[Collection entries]
(* Let $G=\mathbb{Z}/p^r\mathbb{Z}$ be a cyclic $p$-group of $p$-rank $r$. The prime ideals of the Burnside Tambara functor $\Omega_G$ are exactly the following. (i) For each prime integer $q\neq p$, the prime ideals over $(q)\subseteq R_0$ are exactly the $r+1$ ideals $$\mathcal{S}^r(q)\subsetneq \mathcal{L}\mathcal{S}^{r-1}(q)\subsetneq\cdots\subsetneq\mathcal{L}^{r}(q).$$ (ii) Over $(p)\subseteq R_0$ there is exactly one prime ideal, namely $\mathcal{L}^r(p)$. (iii) Over $0\subseteq R_0$ there are exactly the $r+1$ prime ideals $$0\subsetneq \mathcal{L}(0)\subsetneq\cdots\subsetneq\mathcal{L}^r(0).$$ Hence $$\mathit{Spec}\,\Omega_G=\{\mathcal{L}^r(p)\}\cup\{\mathcal{L}^i(0)\mid 0\le i\le r\}\cup\{\mathcal{L}^i\mathcal{S}^{r-i}(q)\mid 0\le i\le r,\ q\text{ a prime different from }p\}.$$
   Context: Fix a prime $p$ and an integer $r\ge0$. For $0\le k\le r$ let $R_k$ be the commutative ring which is free as a $\mathbb{Z}$-module with basis $X_{k,0},\dots,X_{k,k}$ and multiplication $X_{k,i}X_{k,j}=p^{k-\max(i,j)}X_{k,\min(i,j)}$; thus $X_{k,k}=1$, and an integer $n$ is identified with $nX_{k,k}$. For $0\le k\le\ell\le r$ define: the additive map $\mathrm{ind}^\ell_k:R_k\to R_\ell$, $X_{k,i}\mapsto X_{\ell,i}$; the ring homomorphism $\mathrm{res}^\ell_k:R_\ell\to R_k$, $\mathrm{res}^\ell_k(X_{\ell,i})=p^{\ell-k}X_{k,i}$ if $i\le k$ and $=p^{\ell-i}$ if $i\ge k$; and the multiplicative map $\mathrm{jnd}^\ell_k:R_k\to R_\ell$, $$\mathrm{jnd}^\ell_k\Big(\sum_{i=0}^k m_iX_{k,i}\Big)=m_kX_{\ell,\ell}+\sum_{k\le i<\ell}\frac{m_k^{p^{\ell-i}}-m_k^{p^{\ell-i-1}}}{p^{\ell-i}}X_{\ell,i}+\sum_{0\le i<k}\frac{(\sum_{s=i}^k m_sp^{k-s})^{p^{\ell-k}}-(\sum_{s=i+1}^k m_sp^{k-s})^{p^{\ell-k}}}{p^{\ell-i}}X_{\ell,i}$$ ($m_i\in\mathbb{Z}$; all coefficients are integers). For $k=\ell$ these maps are the identity. These data are the Burnside Tambara functor $\Omega_G$ on $G=\mathbb{Z}/p^r\mathbb{Z}$ ($R_k=\Omega_G(G/H_k)$, $H_k$ the subgroup of order $p^k$); keeping only indices $\le n$ gives $\Omega_{H_n}$ for $0\le n\le r$. An ideal of $\Omega_{H_n}$ is a sequence $[I_0,\dots,I_n]$ of ideals $I_k\subseteq R_k$ such that for every $1\le k\le n$: $\mathrm{ind}^k_{k-1}(I_{k-1})\subseteq I_k$, $\mathrm{res}^k_{k-1}(I_k)\subseteq I_{k-1}$, $\mathrm{jnd}^k_{k-1}(I_{k-1})\subseteq I_k$. Inclusion of ideals is componentwise. The ideal is over an ideal $J\subseteq R_0$ if $I_0=J$. It is proper if $I_0\ne R_0$ (equivalently $I_k\neq R_k$ for all $k$). A proper ideal $[I_0,\dots,I_n]$ is prime if for all $0\le\ell\le k\le n$, $a\in R_k$, $b\in R_\ell$: whenever $(\mathrm{jnd}^m_i\mathrm{res}^k_i(a))\cdot(\mathrm{jnd}^m_j\mathrm{res}^\ell_j(b))\in I_m$ for all $0\le i\le k$, $0\le j\le\ell$ with $m=\max(i,j)$, then $a\in I_k$ or $b\in I_\ell$. (This is the specialization of the general notion of prime ideal of a Tambara functor.) $\mathit{Spec}\,\Omega_G$ is the set of prime ideals of $\Omega_G=\Omega_{H_r}$. Operators: for $1\le k\le r$ and an ideal $I\subseteq R_{k-1}$, $L(I)=L_k(I)=(\mathrm{res}^k_{k-1})^{-1}(I)\subseteq R_k$ and $S(I)=S_k(I)$ is the ideal of $R_k$ generated by $\mathrm{ind}^k_{k-1}(I)\cup\mathrm{jnd}^k_{k-1}(I)$. For an ideal $\mathscr I=[I_0,\dots,I_{k-1}]$ of $\Omega_{H_{k-1}}$, $\mathcal{L}\mathscr I=[I_0,\dots,I_{k-1},L(I_{k-1})]$ and $\mathcal{S}\mathscr I=[I_0,\dots,I_{k-1},S(I_{k-1})]$, ideals of $\Omega_{H_k}$; $\mathcal L^n,\mathcal S^n$ denote iterates. For $x\in\mathbb{Z}$, $(x)$ denotes the ideal $[x\mathbb{Z}]$ of $\Omega_{H_0}$ (so e.g. $\mathcal L^i\mathcal S^{r-i}(q)$ is an ideal of $\Omega_{H_r}$), and $\mathcal{L}^i(0)$ denotes $\mathcal L$ applied $i$ times to the zero ideal $[0,\dots,0]$ of $\Omega_{H_{r-i}}$. *)

theory Defs
  imports "HOL-Computational_Algebra.Primes"
begin

text \<open>Elements of R_k are integer coefficient vectors x :: nat => int with respect to the
basis X_{k,0},...,X_{k,k}; the coefficient of X_{k,i} is x i, and x i = 0 for i > k.\<close>

type_synonym elt = "nat \<Rightarrow> int"

definition carrierR :: "nat \<Rightarrow> elt set" where
  "carrierR k = {x. \<forall>i>k. x i = 0}"

text \<open>Multiplication of R_k: X_{k,i} X_{k,j} = p^(k - max i j) X_{k, min i j}.\<close>
definition mulR :: "nat \<Rightarrow> nat \<Rightarrow> elt \<Rightarrow> elt \<Rightarrow> elt" where
  "mulR p k x y = (\<lambda>m. if m \<le> k then
      (\<Sum>i\<le>k. \<Sum>j\<le>k. if min i j = m then x i * y j * int p ^ (k - max i j) else 0)
    else 0)"

definition zeroR :: elt where "zeroR = (\<lambda>_. 0)"

definition addR :: "elt \<Rightarrow> elt \<Rightarrow> elt" where "addR x y = (\<lambda>m. x m + y m)"

definition negR :: "elt \<Rightarrow> elt" where "negR x = (\<lambda>m. - x m)"

definition is_ideal_R :: "nat \<Rightarrow> nat \<Rightarrow> elt set \<Rightarrow> bool" where
  "is_ideal_R p k I \<longleftrightarrow> I \<subseteq> carrierR k \<and> zeroR \<in> I
     \<and> (\<forall>x\<in>I. \<forall>y\<in>I. addR x y \<in> I) \<and> (\<forall>x\<in>I. negR x \<in> I)
     \<and> (\<forall>a\<in>carrierR k. \<forall>x\<in>I. mulR p k a x \<in> I)"

text \<open>ind^l_k : X_{k,i} |-> X_{l,i} (coefficient vectors unchanged).\<close>
definition indR :: "nat \<Rightarrow> nat \<Rightarrow> elt \<Rightarrow> elt" where
  "indR k l x = x"

text \<open>res^l_k, extended additively from res(X_{l,i}) = p^(l-k) X_{k,i} (i <= k),
  = p^(l-i) (i >= k).\<close>
definition resR :: "nat \<Rightarrow> nat \<Rightarrow> nat \<Rightarrow> elt \<Rightarrow> elt" where
  "resR p l k x = (\<lambda>m. if m < k then int p ^ (l - k) * x m
      else if m = k then (\<Sum>i\<in>{k..l}. int p ^ (l - i) * x i) else 0)"

text \<open>jnd^l_k (the norm map), by the explicit formula; the divisions are exact.\<close>
definition jndR :: "nat \<Rightarrow> nat \<Rightarrow> nat \<Rightarrow> elt \<Rightarrow> elt" where
  "jndR p k l x = (\<lambda>i.
     if i = l then x k
     else if k \<le> i \<and> i < l then
       (x k ^ (p ^ (l - i)) - x k ^ (p ^ (l - i - 1))) div (int p ^ (l - i))
     else if i < k then
       ((\<Sum>s\<in>{i..k}. x s * int p ^ (k - s)) ^ (p ^ (l - k))
         - (\<Sum>s\<in>{Suc i..k}. x s * int p ^ (k - s)) ^ (p ^ (l - k))) div (int p ^ (l - i))
     else 0)"

text \<open>Ideals of Omega_{H_n}: lists [I_0, ..., I_n].\<close>
definition is_TF_ideal :: "nat \<Rightarrow> nat \<Rightarrow> elt set list \<Rightarrow> bool" where
  "is_TF_ideal p n Is \<longleftrightarrow> length Is = Suc n
     \<and> (\<forall>k\<le>n. is_ideal_R p k (Is ! k))
     \<and> (\<forall>k\<in>{1..n}. indR (k - 1) k ` (Is ! (k - 1)) \<subseteq> Is ! k
                  \<and> resR p k (k - 1) ` (Is ! k) \<subseteq> Is ! (k - 1)
                  \<and> jndR p (k - 1) k ` (Is ! (k - 1)) \<subseteq> Is ! k)"

definition is_prime_TF :: "nat \<Rightarrow> nat \<Rightarrow> elt set list \<Rightarrow> bool" where
  "is_prime_TF p n Is \<longleftrightarrow> is_TF_ideal p n Is \<and> Is ! 0 \<noteq> carrierR 0
     \<and> (\<forall>k l a b. l \<le> k \<longrightarrow> k \<le> n \<longrightarrow> a \<in> carrierR k \<longrightarrow> b \<in> carrierR l \<longrightarrow>
          (\<forall>i\<le>k. \<forall>j\<le>l.
             mulR p (max i j) (jndR p i (max i j) (resR p k i a))
                              (jndR p j (max i j) (resR p l j b)) \<in> Is ! max i j)
          \<longrightarrow> a \<in> Is ! k \<or> b \<in> Is ! l)"

definition SpecOmega :: "nat \<Rightarrow> nat \<Rightarrow> elt set list set" where
  "SpecOmega p r = {P. is_prime_TF p r P}"

definition ideal_le :: "elt set list \<Rightarrow> elt set list \<Rightarrow> bool" where
  "ideal_le A B \<longleftrightarrow> length A = length B \<and> (\<forall>k<length A. A ! k \<subseteq> B ! k)"

definition ideal_less :: "elt set list \<Rightarrow> elt set list \<Rightarrow> bool" where
  "ideal_less A B \<longleftrightarrow> ideal_le A B \<and> A \<noteq> B"

definition gen_ideal :: "nat \<Rightarrow> nat \<Rightarrow> elt set \<Rightarrow> elt set" where
  "gen_ideal p k A = \<Inter>{J. is_ideal_R p k J \<and> A \<subseteq> J}"

definition opL :: "nat \<Rightarrow> nat \<Rightarrow> elt set \<Rightarrow> elt set" where
  "opL p k I = {x \<in> carrierR k. resR p k (k - 1) x \<in> I}"

definition opS :: "nat \<Rightarrow> nat \<Rightarrow> elt set \<Rightarrow> elt set" where
  "opS p k I = gen_ideal p k (indR (k - 1) k ` I \<union> jndR p (k - 1) k ` I)"

text \<open>calL, calS : ideals of Omega_{H_(k-1)} to ideals of Omega_{H_k}, where k = length Is.\<close>
definition calL :: "nat \<Rightarrow> elt set list \<Rightarrow> elt set list" where
  "calL p Is = Is @ [opL p (length Is) (last Is)]"

definition calS :: "nat \<Rightarrow> elt set list \<Rightarrow> elt set list" where
  "calS p Is = Is @ [opS p (length Is) (last Is)]"

definition princ :: "int \<Rightarrow> elt set list" where
  "princ x = [{y \<in> carrierR 0. x dvd y 0}]"

definition zeroTF :: "nat \<Rightarrow> elt set list" where
  "zeroTF n = replicate (Suc n) {zeroR}"

end

theory Submission
  imports Defs "HOL-Number_Theory.Number_Theory"
begin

Work instruction: Read the lines above. Gather those in which the string "calL" is found.

Result of this task:
text \<open>calL, calS : ideals of Omega_{H_(k-1)} to ideals of Omega_{H_k}, where k = length Is.\<close>
definition calL :: "nat \<Rightarrow> elt set list \<Rightarrow> elt set list" where
  "calL p Is = Is @ [opL p (length Is) (last Is)]"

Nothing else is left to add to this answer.